Re: [dcdev] Searching
Todd Pederzani
2004-01-16 4:21
Direct Connect developers

Carl-Adam Brengesjö wrote:

why lock it to a single hash algorithm?

Because searches are expensive.  Because hashing is expensive.  Because some algorithms (uuhash, crc32, compound md4) have weaknesses that fundamentally undermine their purpose (uniquely identifying files).  Because some algorithms don't lend themselves to incremental

you can't know the hash of the file you're looking to unless you have downloaded a *.sfv (what algorithm? is it called sfv, or?) or MD5 (or simlar) file telling it.

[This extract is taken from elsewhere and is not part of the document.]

(* Let $k,l\in\mathbb N_0^2$ with $k_1\neq l_1$ and $k_2\neq l_2$, and let $\xi_k=a_ke_k+\overline{a_k}e_{-k}+(-1)^{k_2+1}\overline{a_k}e_{\bar k}+(-1)^{k_2+1}a_ke_{-\bar k}$ and $\eta_l=b_le_l+\overline{b_l}e_{-l}+(-1)^{l_2+1}\overline{b_l}e_{\bar l}+(-1)^{l_2+1}b_le_{-\bar l}$ (with $a_k,b_l\in\mathbb C$) be nonzero. Then the sectional curvature of $\mathrm{SDiff}(\mathbb K)$ in the plane spanned by $\xi_k,\eta_l$ is $$C(\xi_k,\eta_l)=-\frac{1}{4S_{\mathbb T}\|k\|^2\|l\|^2}\Big(\frac{(k\times l)^4}{\|k+l\|^2}+\frac{(k\times l)^4}{\|k-l\|^2}+\frac{(k\times\bar l)^4}{\|k+\bar l\|^2}+\frac{(k\times\bar l)^4}{\|k-\bar l\|^2}\Big),$$ and in particular $-\min\{\|k\|^2,\|l\|^2\}/S_{\mathbb T}\le C(\xi_k,\eta_l)<0$.
   Context: $\mathbb T=\mathbb R^2/(2\pi\mathbb Z)^2$, area $S_{\mathbb T}=4\pi^2$, $I(x_1,x_2)=(2\pi-x_1,\pi+x_2)$, $\mathbb K=\mathbb T/I$. The Lie algebra of $\mathrm{SDiff}(\mathbb K)$ is identified with the real smooth zero-mean functions $f$ on $\mathbb T$ with $f\circ I=-f$, with bracket $\{f,g\}=\partial_{x_2}f\partial_{x_1}g-\partial_{x_1}f\partial_{x_2}g$ and inner product $\langle f,g\rangle=\int_{\mathbb T}\nabla f\cdot\nabla g\,dx_1dx_2$ (right-invariant $L^2$ metric, norms computed on $\mathbb T$). Sectional curvature: $\langle B(u,v),w\rangle=\langle u,\{v,w\}\rangle$, $\nabla_uv=\frac12(\{u,v\}-B(u,v)-B(v,u))$, $R(u,v)w=-\nabla_u\nabla_vw+\nabla_v\nabla_uw+\nabla_{\{u,v\}}w$, $C(u,v)=\langle R(u,v)u,v\rangle/(\langle u,u\rangle\langle v,v\rangle-\langle u,v\rangle^2)$. Notation: $e_k=e^{i(k_1x_1+k_2x_2)}$, $\bar k=(k_1,-k_2)$, $\|k\|^2=k_1^2+k_2^2$, $k\times l=k_1l_2-k_2l_1$. *)

theory Defs
  imports "HOL-Analysis.Analysis"
begin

MD5 and CRC32 are crude.  If we support a single hash, as three clients already do, sites such as ShareReactor, ShareLive, or FileNexus will pop up with direct download links for the DC supported hash, allowing our users to start a download from a hash.

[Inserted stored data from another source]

lemma card_intermediate_subgroups:
  assumes el: "elementary_over P Z" and fin: "finite P" and card_P: "card P = card Z * 2 ^ d"
  shows "card (intermediate_subgroups P Z j) = gbinom2 d j"
proof -
  have "card Z > 0"
    using el subgroup.one_closed finite_subset[OF _ fin] card_gt_0_iff
    unfolding elementary_over_def by blast
  have scale: "(\<Prod>i<j. card Z * 2 ^ a - card Z * 2 ^ i) = card Z ^ j * indep_tuples2 a j" for a
    by (simp add: indep_tuples2_def right_diff_distrib'[symmetric] prod.distrib)
  have "card (intermediate_subgroups P Z j) * (card Z ^ j * indep_tuples2 j j)
      = card (indep_lists P Z j)"
    using card_indep_lists_intermediate[OF el fin, of j] scale[of j] by simp
  also have "\<dots> = gbinom2 d j * (card Z ^ j * indep_tuples2 j j)"
    using card_indep_lists[OF el fin, of j] card_P scale[of d] indep_tuples2_gbinom2[of d j] by simp
  finally show ?thesis using \<open>card Z > 0\<close> indep_tuples2_diag_pos[of j] by simp
qed

lemma complement_mem_cases:
  assumes el: "elementary_over I {\<one>}" and fin: "finite I" and z: "z \<in> I"
    and H: "subgroup H G" "H \<subseteq> I" "z \<notin> H" "card I = 2 * card H" and w: "w \<in> I"
  shows "w \<in> H \<or> w \<otimes> z \<in> H"
proof -
  have I: "subgroup I G" using el by (simp add: elementary_over_def)
  have IG: "I \<subseteq> carrier G" and zG: "z \<in> carrier G" using I subgroup.subset z by blast+
  have zz: "z \<otimes> z = \<one>" using el z by (simp add: elementary_over_def)
  have z_ne: "z \<noteq> \<one>" using H(3) subgroup.one_closed[OF H(1)] by blast
  have Z: "subgroup {\<one>, z} G" by (rule subgroup_involution[OF zG zz])
  have "{\<one>, z} \<inter> H = {\<one>}" using H(3) subgroup.one_closed[OF H(1)] by auto
  then have "card ({\<one>, z} <#> H) = card I"
    using card_set_mult_inter_one[OF Z H(1)] finite_subset[OF H(2) fin] H(4) z_ne by simp
  moreover have "{\<one>, z} <#> H \<subseteq> I"
    using H(2) z subgroup.m_closed[OF I] subgroup.one_closed[OF I] by (auto simp: set_mult_def)
  ultimately have "{\<one>, z} <#> H = I" using card_subset_eq[OF fin] by blast
  then obtain c h where ch: "c \<in> {\<one>, z}" "h \<in> H" "w = c \<otimes> h" using w unfolding set_mult_def by blast
  have hI: "h \<in> I" using ch(2) H(2) by blast
  show ?thesis
  proof (cases "c = \<one>")
    case True then show ?thesis using ch hI IG by auto
  next
    case False
    then have "w \<otimes> z = (h \<otimes> z) \<otimes> z" using ch elementary_over_one_commute[OF el z hI] by simp
    also have "\<dots> = h" using zz hI IG zG by (simp add: m_assoc subset_iff)
    finally show ?thesis using ch(2) by simp
  qed
qed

Here's a rough overview of how BCDC does hashing (some of these steps are only visible when it's advertising itself as BCDC):  It crawls your entire share in a low-priority thread (it completes as the client is running, it doesn't block startup) hashing files and adding the full hash tree to a database.  When it returns a search result, it will replace the hub name field with TTH:<hash>.  When connecting to another client, it includes TTH in its $Supports list; when a fellow TTH supporting source is found (when downloading files in the user's queue), it gets the full hash tree (once) using a new client to client command: $GetMeta.  This tree can be used to verify both segments and the whole file.

If I seem brief... it's because I am.  We've had plenty of excellent discussion in this on the DC Dev public and private hubs, as well as on the DC++ forum (http://dcplusplus.sourceforge.net/forum/viewtopic.php?t=277) over the course of the last year.  Tiger Tree Hashes were chosen for some unique properties of the root file hash and of the tree of segment hashes.  This is really a Good Way(tm) to do hashing... otherwise I wouldn't bother bringing it up.

- Todd
DC Developers mailinglist